Air cars are no better. There's only so much compressed air energy a vehicle can store — and it's nowhere near that of 20 gal of gas. With their range of maybe 100 miles, compressed air cars are only practical for going back and forth to work (if you live 25 miles or less from where you work) and for local trips. If you want to go cross country, you'll have to stop frequently to recharge the compressed air supply.
Whether they're electric or air cars, these vehicles seem like only sophisticated golf carts. In fact, it almost sounds like they revert back to the steam age. When steam locomotives ruled the rails, you could travel from Boston to LA, but you had to stop frequently to replenish fuel, water, or both. Don't get me wrong, I'm all for finding alternative energy to reduce harmful effects on the environment. But this discussion is about alternative drives.
I recently heard about an alternative drive under development at PSA Peugeot Citroën. Researchers there are working on a gasoline-compressed air hybrid. This hybrid air car sounds much more practical because it uses a small gas engine to drive an air compressor — thereby negating the need to frequently recharge the vehicle with compressed air. Sure, it's not a zero-emissions vehicle, but researchers are shooting for a fuel economy of 2 l/100 km (about 118 mpg). To learn details, click here. To watch a video summarizing the technology, click here.

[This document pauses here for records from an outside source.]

(* Let $p$ be an odd prime, $a_1,a_2,a_3\in\mathbb{F}_p$, $s=3+a_1+a_2+a_3$, and fix an index $i$ (indices modulo $3$). Let $x\neq(0,0,0)$ be a solution in $\mathbb{F}_p^3$ of \[ x_1^2+x_2^2+x_3^2+a_1x_2x_3+a_2x_1x_3+a_3x_1x_2 = s\,x_1x_2x_3 \] with $x_i=0$. Let $m_k$ ($k=1,2,3$) replace $x_k$ by $-x_k + s x_{k-1}x_{k+1} - a_{k+1}x_{k-1} - a_{k-1}x_{k+1}$ leaving the other coordinates unchanged, let $\rho = m_{i+1}\circ m_{i-1}$, and let $N$ be the order of $\rho$ as a permutation of the nonzero solutions with $i$-th coordinate $0$. For such solutions $y$ (which have $y_{i-1}y_{i+1}\neq 0$) define \[ \Delta_i(y) = \frac12\Big(\frac{a_{i-1}}{y_{i-1}} + \frac{a_{i+1}}{y_{i+1}}\Big). \] If $a_i^2\neq 4$, then \[ \sum_{\ell=0}^{N-1}\Big(\Delta_i(m_{i-1}\rho^\ell x) + \Delta_i(\rho^\ell x)\Big) = 0. \] If $a_i^2 = 4$, then this identity holds if and only if $2a_{i-1} = a_{i+1}a_i$. *)

theory Defs
  imports Main "HOL-Library.Numeral_Type" "HOL-Computational_Algebra.Primes"
begin

text \<open>Points of F_p^3 are functions from the index type 3 (integers mod 3)
  to the field; index 0 of type 3 plays the role of the paper's index 3.\<close>

definition sval :: "(3 \<Rightarrow> 'a::field) \<Rightarrow> 'a" where
  "sval a = 3 + a 1 + a 2 + a 0"

definition is_sol :: "(3 \<Rightarrow> 'a::field) \<Rightarrow> (3 \<Rightarrow> 'a) \<Rightarrow> bool" where
  "is_sol a x \<longleftrightarrow>
     x 1 ^ 2 + x 2 ^ 2 + x 0 ^ 2 + a 1 * x 2 * x 0 + a 2 * x 1 * x 0 + a 0 * x 1 * x 2
     = sval a * x 1 * x 2 * x 0"

definition mv :: "(3 \<Rightarrow> 'a::field) \<Rightarrow> 3 \<Rightarrow> (3 \<Rightarrow> 'a) \<Rightarrow> (3 \<Rightarrow> 'a)" where
  "mv a k x = x(k := - x k + sval a * x (k - 1) * x (k + 1)
                     - a (k + 1) * x (k - 1) - a (k - 1) * x (k + 1))"

definition rho :: "(3 \<Rightarrow> 'a::field) \<Rightarrow> 3 \<Rightarrow> (3 \<Rightarrow> 'a) \<Rightarrow> (3 \<Rightarrow> 'a)" where
  "rho a i = mv a (i + 1) \<circ> mv a (i - 1)"

definition solset :: "(3 \<Rightarrow> 'a::field) \<Rightarrow> 3 \<Rightarrow> (3 \<Rightarrow> 'a) set" where
  "solset a i = {y. is_sol a y \<and> y \<noteq> (\<lambda>_. 0) \<and> y i = 0}"

definition rho_order :: "(3 \<Rightarrow> 'a::field) \<Rightarrow> 3 \<Rightarrow> nat" where
  "rho_order a i = (LEAST n. n > 0 \<and> (\<forall>y \<in> solset a i. (rho a i ^^ n) y = y))"

definition Delta :: "(3 \<Rightarrow> 'a::field) \<Rightarrow> 3 \<Rightarrow> (3 \<Rightarrow> 'a) \<Rightarrow> 'a" where
  "Delta a i y = (a (i - 1) / y (i - 1) + a (i + 1) / y (i + 1)) / 2"

end

theory Submission
  imports Defs "HOL-Number_Theory.Residues" "HOL-Combinatorics.Cycles"
begin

Another interesting aspect of this vehicle is its variable transmission, which provides high torque for acceleration at low speed and also lets the engine run economically at highway speeds. In this case, the transmission is hydraulic, rather than the series of gears used in a manual transmission or the hydrodynamic system used in automatic transmssions. Sounds like a topic for future coverage.
In conclusion, I'm not claiming that all-electric or all-air cars can't work. They certainly can, but widespread use will require Americans to alter the way they use their cars. That's about as likely as the US standardizing on the metric system.